PostNapisane: poniedziałek, 26 lipca 2010, 18:52
przez michalxtreme
Pomimo tego iż przeszukałem wszystko w linkowni i znalazłem większość możliwości co może dolegać mojemu kangurkowi postanowiłem wrócić do tematu i rozpocząć ten wątek.Otóż szanowni koledzy w ostatnim czasie będąc na urlopie zrobiłem ok. 3000 km i po tym zauważyłem w swoim kangurku dziwne dźwięki dobiegające z przodu pojazdu.Tak więc od samego ruszenia pojawia się głośne buczenie.Cichnie przy 75 km/h i 110 km/h praktycznie do zera.W pozostałych zakresach prędkości wyje jak jasny gwint.Silnik i skrzynie wykluczam bo igiełka. Dbam jak umię i mój mechanik mi w tym pięknie pomaga.
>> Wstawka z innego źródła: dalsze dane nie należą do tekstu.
(* Let $(\mathcal M,\mathrm d_{\mathcal M})$ be a metric space, $k\ge1$, and $Y=y_1,\dots,y_{k+1}\in\mathcal M^{k+1}$. Let $D=\min_{1\le i\le k}\mathrm d_{\mathcal M}(y_i,y_{i+1})$, let $i^*\in\{1,\dots,k\}$ be an index with $\mathrm d_{\mathcal M}(y_{i^*},y_{i^*+1})=D$, and let $Y'\in\mathcal M^k$ be the curve obtained from $Y$ by deleting $y_{i^*}$. Then $\mathrm d_{dF}(Y,Y')\le D$, and $Y'$ is a $2$-approximate $k$-simplification of $Y$.
   Context: A curve of complexity $m$ in a metric space $(\mathcal M,\mathrm d_{\mathcal M})$ is a sequence $p=p_1,\dots,p_m$ of points of $\mathcal M$; $\mathcal M^m$ denotes the set of such curves. For $p\in\mathcal M^m$ and $q\in\mathcal M^k$, a traversal of $p$ and $q$ is a sequence of index pairs $(i_1,j_1),\dots,(i_t,j_t)$ with $(i_1,j_1)=(1,1)$, $(i_t,j_t)=(m,k)$, and for every $u<t$: $i_{u+1}-i_u\in\{0,1\}$, $j_{u+1}-j_u\in\{0,1\}$ and $(i_{u+1}-i_u)+(j_{u+1}-j_u)\ge 1$. Its cost is $\max_u \mathrm d_{\mathcal M}(p_{i_u},q_{j_u})$. The discrete Fréchet distance $\mathrm d_{dF}(p,q)$ is the minimum cost over all traversals of $p$ and $q$. For $p\in\mathcal M^m$ and $\alpha\ge 1$, a curve $p'\in\mathcal M^k$ is an $\alpha$-approximate $k$-simplification of $p$ if $\mathrm d_{dF}(p,p')\le\alpha\,\mathrm d_{dF}(p,q)$ for every $q\in\mathcal M^k$. *)

theory Defs
  imports Main "HOL.Real_Vector_Spaces"
begin

text \<open>Curves in a metric space are nonempty lists of points; positions are 0-based
  (list position i corresponds to the paper's index i+1).\<close>

definition traversal :: "nat \<Rightarrow> nat \<Rightarrow> (nat \<times> nat) list \<Rightarrow> bool" where
  "traversal m k T \<longleftrightarrow>
     T \<noteq> [] \<and> hd T = (0, 0) \<and> last T = (m - 1, k - 1) \<and>
     (\<forall>u. Suc u < length T \<longrightarrow>
        fst (T ! u) \<le> fst (T ! Suc u) \<and> fst (T ! Suc u) \<le> fst (T ! u) + 1 \<and>
        snd (T ! u) \<le> snd (T ! Suc u) \<and> snd (T ! Suc u) \<le> snd (T ! u) + 1 \<and>
        T ! u \<noteq> T ! Suc u)"

definition traversal_cost :: "'a::metric_space list \<Rightarrow> 'a list \<Rightarrow> (nat \<times> nat) list \<Rightarrow> real" where
  "traversal_cost p q T = Max {dist (p ! fst (T ! u)) (q ! snd (T ! u)) | u. u < length T}"

definition dfrechet :: "'a::metric_space list \<Rightarrow> 'a list \<Rightarrow> real" where
  "dfrechet p q = Inf {traversal_cost p q T | T. traversal (length p) (length q) T}"

definition approx_simplification ::
    "real \<Rightarrow> nat \<Rightarrow> 'a::metric_space list \<Rightarrow> 'a list \<Rightarrow> bool" where
  "approx_simplification \<alpha> k p p' \<longleftrightarrow>
     length p' = k \<and>
     (\<forall>q::'a list. length q = k \<longrightarrow> dfrechet p p' \<le> \<alpha> * dfrechet p q)"

end

theory Submission
  imports Defs
begin

text \<open>Deleting the vertex \<open>y\<^sub>i\<^sub>*\<close> costs at most \<open>D\<close>: traverse both curves in lockstep and
  let the shorter one wait at \<open>y\<^sub>i\<^sub>*\<^sub>+\<^sub>1\<close> while the longer one visits \<open>y\<^sub>i\<^sub>*\<close>. Conversely, any
  traversal of a curve with \<open>k + 1\<close> vertices and one with \<open>k\<close> vertices must, by pigeonhole,
  advance on the longer curve alone at some step, from \<open>y\<^sub>i\<close> to \<open>y\<^sub>i\<^sub>+\<^sub>1\<close> against one fixed
  point \<open>q\<^sub>j\<close>; the triangle inequality then shows that its cost is at least
  \<open>d(y\<^sub>i, y\<^sub>i\<^sub>+\<^sub>1) / 2 \<ge> D / 2\<close>.\<close>

lemma traversal_cost_ge:
  assumes "u < length T"
  shows "dist (p ! fst (T ! u)) (q ! snd (T ! u)) \<le> traversal_cost p q T"
  unfolding traversal_cost_def using assms by (intro Max_ge) auto

lemma traversal_cost_le:
  assumes "T \<noteq> []" and "\<And>u. u < length T \<Longrightarrow> dist (p ! fst (T ! u)) (q ! snd (T ! u)) \<le> c"
  shows "traversal_cost p q T \<le> c"
  unfolding traversal_cost_def using assms by (subst Max_le_iff) auto

lemma traversal_cost_nonneg:
  assumes "T \<noteq> []"
  shows "0 \<le> traversal_cost p q T"
  using traversal_cost_ge[of 0 T p q] assms zero_le_dist by (meson length_greater_0_conv order_trans)

lemma traversal_staircase:
  assumes "1 \<le> m" and "1 \<le> n"
  shows "traversal m n (map (\<lambda>t. (min t (m - 1), t - (m - 1))) [0..<m + n - 1])"
  using assms unfolding traversal_def by (auto simp: hd_map last_map hd_upt)

lemma dfrechet_le_traversal_cost:
  assumes "traversal (length p) (length q) T"
  shows "dfrechet p q \<le> traversal_cost p q T"
proof -
  have "bdd_below {traversal_cost p q T | T. traversal (length p) (length q) T}"
    unfolding bdd_below_def traversal_def using traversal_cost_nonneg by blast
  then show ?thesis unfolding dfrechet_def using assms by (intro cInf_lower) auto
qed

lemma dfrechet_ge:
  assumes "p \<noteq> []" and "q \<noteq> []"
    and "\<And>T. traversal (length p) (length q) T \<Longrightarrow> c \<le> traversal_cost p q T"
  shows "c \<le> dfrechet p q"
proof -
  have "1 \<le> length p" "1 \<le> length q" using assms(1,2) by (simp_all add: Suc_le_eq)
  then have "{traversal_cost p q T | T. traversal (length p) (length q) T} \<noteq> {}"
    using traversal_staircase by (metis (mono_tags, lifting) empty_iff mem_Collect_eq)
  then show ?thesis unfolding dfrechet_def using assms(3) by (intro cInf_greatest) auto
qed

lemma dfrechet_delete_vertex_le:
  fixes p :: "'a::metric_space list"
  assumes "Suc i < length p"
  shows "dfrechet p (take i p @ drop (Suc i) p) \<le> dist (p ! i) (p ! Suc i)"
proof -
  define p' where "p' = take i p @ drop (Suc i) p"
  define T where "T = map (\<lambda>u. (u, if u \<le> i then u else u - 1)) [0..<length p]"
  have T_length: "length T = length p" unfolding T_def by simp
  have T_nth: "T ! u = (u, if u \<le> i then u else u - 1)" if "u < length p" for u
    using that unfolding T_def by simp
  have p'_nth: "p' ! j = (if j < i then p ! j else p ! Suc j)" if "j < length p - 1" for j
    using that assms unfolding p'_def by (simp add: nth_append min_def)
  have "T \<noteq> []" using assms T_length by auto
  moreover have "hd T = (0, 0)"
  proof -
    have "0 < length p" using assms by (cases p) auto
    then show ?thesis using \<open>T \<noteq> []\<close> T_nth[of 0] by (simp add: hd_conv_nth)
  qed
  moreover have "last T = (length p - 1, length p' - 1)"
    using \<open>T \<noteq> []\<close> T_nth[of "length p - 1"] assms T_length unfolding p'_def
    by (simp add: last_conv_nth)
  moreover have "\<forall>u. Suc u < length T \<longrightarrow>
        fst (T ! u) \<le> fst (T ! Suc u) \<and> fst (T ! Suc u) \<le> fst (T ! u) + 1 \<and>
        snd (T ! u) \<le> snd (T ! Suc u) \<and> snd (T ! Suc u) \<le> snd (T ! u) + 1 \<and>
        T ! u \<noteq> T ! Suc u"
    using T_nth T_length by simp
  ultimately have "traversal (length p) (length p') T"
    unfolding traversal_def by blast
  moreover have "traversal_cost p p' T \<le> dist (p ! i) (p ! Suc i)"
  proof (rule traversal_cost_le)
    fix u assume "u < length T"
    then have u: "u < length p" using T_length by simp
    consider "u < i" | "u = i" | "i < u" by linarith
    then show "dist (p ! fst (T ! u)) (p' ! snd (T ! u)) \<le> dist (p ! i) (p ! Suc i)"
    proof cases
      case 1
      then show ?thesis using u assms T_nth p'_nth by simp
    next
      case 2
      then show ?thesis using u assms T_nth p'_nth by simp
    next
      case 3
      then have "Suc (u - 1) = u" "\<not> u - 1 < i" by simp_all
      then show ?thesis using 3 u T_nth p'_nth[of "u - 1"] by simp
    qed
  qed fact
  ultimately show ?thesis unfolding p'_def by (meson dfrechet_le_traversal_cost order_trans)
qed

lemma traversal_fst_mono:
  assumes "traversal m n T" and "v < length T" and "u \<le> v"
  shows "fst (T ! u) \<le> fst (T ! v)"
  using assms(2,3)
proof (induction v)
  case (Suc v)
  show ?case
  proof (cases "u = Suc v")
    case False
    then have "fst (T ! u) \<le> fst (T ! v)" using Suc by simp
    also have "\<dots> \<le> fst (T ! Suc v)" using assms(1) Suc.prems unfolding traversal_def by blast
    finally show ?thesis .
  qed simp
qed simp

lemma traversal_fst_le:
  assumes "traversal m n T" and "u < length T"
  shows "fst (T ! u) \<le> m - 1"
proof -
  have "fst (T ! u) \<le> fst (T ! (length T - 1))"
    using assms by (intro traversal_fst_mono) auto
  also have "T ! (length T - 1) = last T"
    using assms unfolding traversal_def by (auto simp: last_conv_nth)
  finally show ?thesis using assms unfolding traversal_def by simp
qed

text \<open>Without a step that advances on the first curve alone, \<open>fst \<le> snd\<close> is invariant along the
  traversal, which is impossible at its end point \<open>(m - 1, n - 1)\<close>.\<close>

lemma traversal_has_first_curve_step:
  assumes "traversal m n T" and "n < m" and "1 \<le> n"
  shows "\<exists>u. Suc u < length T \<and> fst (T ! Suc u) = fst (T ! u) + 1 \<and> snd (T ! Suc u) = snd (T ! u)"
proof (rule ccontr)
  assume no_step: "\<not> ?thesis"
  have fst_le_snd: "fst (T ! u) \<le> snd (T ! u)" if "u < length T" for u
    using that
  proof (induction u)
    case 0
    then show ?case using assms(1) unfolding traversal_def by (simp add: hd_conv_nth[symmetric])
  next
    case (Suc u)
    have "fst (T ! u) \<le> fst (T ! Suc u) \<and> fst (T ! Suc u) \<le> fst (T ! u) + 1 \<and>
        snd (T ! u) \<le> snd (T ! Suc u) \<and> snd (T ! Suc u) \<le> snd (T ! u) + 1"
      using assms(1) Suc.prems unfolding traversal_def by blast
    then show ?case using Suc no_step by force
  qed
  have "T \<noteq> []" "last T = (m - 1, n - 1)" using assms(1) unfolding traversal_def by auto
  then have "m - 1 \<le> n - 1" using fst_le_snd[of "length T - 1"] by (simp add: last_conv_nth)
  then show False using assms(2,3) by simp
qed

lemma min_edge_length_le_twice_dfrechet:
  fixes p q :: "'a::metric_space list"
  assumes "length p = Suc n" and "length q = n" and "1 \<le> n"
  shows "Min {dist (p ! i) (p ! (i + 1)) | i. i < n} \<le> 2 * dfrechet p q"
proof -
  let ?D = "Min {dist (p ! i) (p ! (i + 1)) | i. i < n}"
  have "?D / 2 \<le> traversal_cost p q T" if T: "traversal (length p) (length q) T" for T
  proof -
    obtain u where u: "Suc u < length T" "fst (T ! Suc u) = fst (T ! u) + 1"
        "snd (T ! Suc u) = snd (T ! u)"
      using traversal_has_first_curve_step[OF T] assms by auto
    define i where "i = fst (T ! u)"
    define j where "j = snd (T ! u)"
    have "i < n" using traversal_fst_le[OF T u(1)] u(2) assms(1) unfolding i_def by simp
    then have "?D \<le> dist (p ! i) (p ! (i + 1))" by (intro Min_le) auto
    also have "\<dots> \<le> dist (p ! i) (q ! j) + dist (p ! (i + 1)) (q ! j)"
      by (metis dist_commute dist_triangle)
    also have "dist (p ! i) (q ! j) \<le> traversal_cost p q T"
      using traversal_cost_ge[of u T p q] u(1) unfolding i_def j_def by simp
    also have "dist (p ! (i + 1)) (q ! j) \<le> traversal_cost p q T"
      using traversal_cost_ge[of "Suc u" T p q] u unfolding i_def j_def by simp
    finally show ?thesis by simp
  qed
  then have "?D / 2 \<le> dfrechet p q" using assms by (intro dfrechet_ge) auto
  then show ?thesis by simp
qed

theorem mainTheorem9:
  fixes Y :: "'a::metric_space list" and k istar :: nat and D :: real
  assumes "k \<ge> 1"
    and "length Y = k + 1"
    and "D = Min {dist (Y ! i) (Y ! (i + 1)) | i. i < k}"
    and "istar < k"
    and "dist (Y ! istar) (Y ! (istar + 1)) = D"
  shows "dfrechet Y (take istar Y @ drop (Suc istar) Y) \<le> D \<and>
         approx_simplification 2 k Y (take istar Y @ drop (Suc istar) Y)"
proof -
  let ?Y' = "take istar Y @ drop (Suc istar) Y"
  have close: "dfrechet Y ?Y' \<le> D"
    using dfrechet_delete_vertex_le[of istar Y] assms(2,4,5) by simp
  have "dfrechet Y ?Y' \<le> 2 * dfrechet Y q" if "length q = k" for q :: "'a list"
    using close min_edge_length_le_twice_dfrechet[of Y k q] assms(1-3) that by simp
  moreover have "length ?Y' = k" using assms(2,4) by simp
  ultimately show ?thesis using close unfolding approx_simplification_def by blast
qed

end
Zakładam, że jest to przednie zawieszenie a dokładniej łożyska kół. Mam również do wymiany układ hamulcowy przód. Dodaję, że od czasu do czasu gdy chwyce jakąś dziurkę dobiega do moich uszu dziwne niemetaliczne uderzenie. Co to może być?? Końcówki drążków wykluczam bo nówki. Zaznaczę, że chwyciłem jedna porządną dziurkę i od tamtej pory ściąga mnie troszkę na prawo. A co do łożysk i hamulców przód proszę o rady jakie części i czy ktoś próbował sam to robić?? Jeśli znajdzie się ktoś chętny do pomocy to proszę o jakoweś linki do komiksów z robótek we własnym zakresie w domciu a ja wracam do szukania w linkowni. Pozdrawiam.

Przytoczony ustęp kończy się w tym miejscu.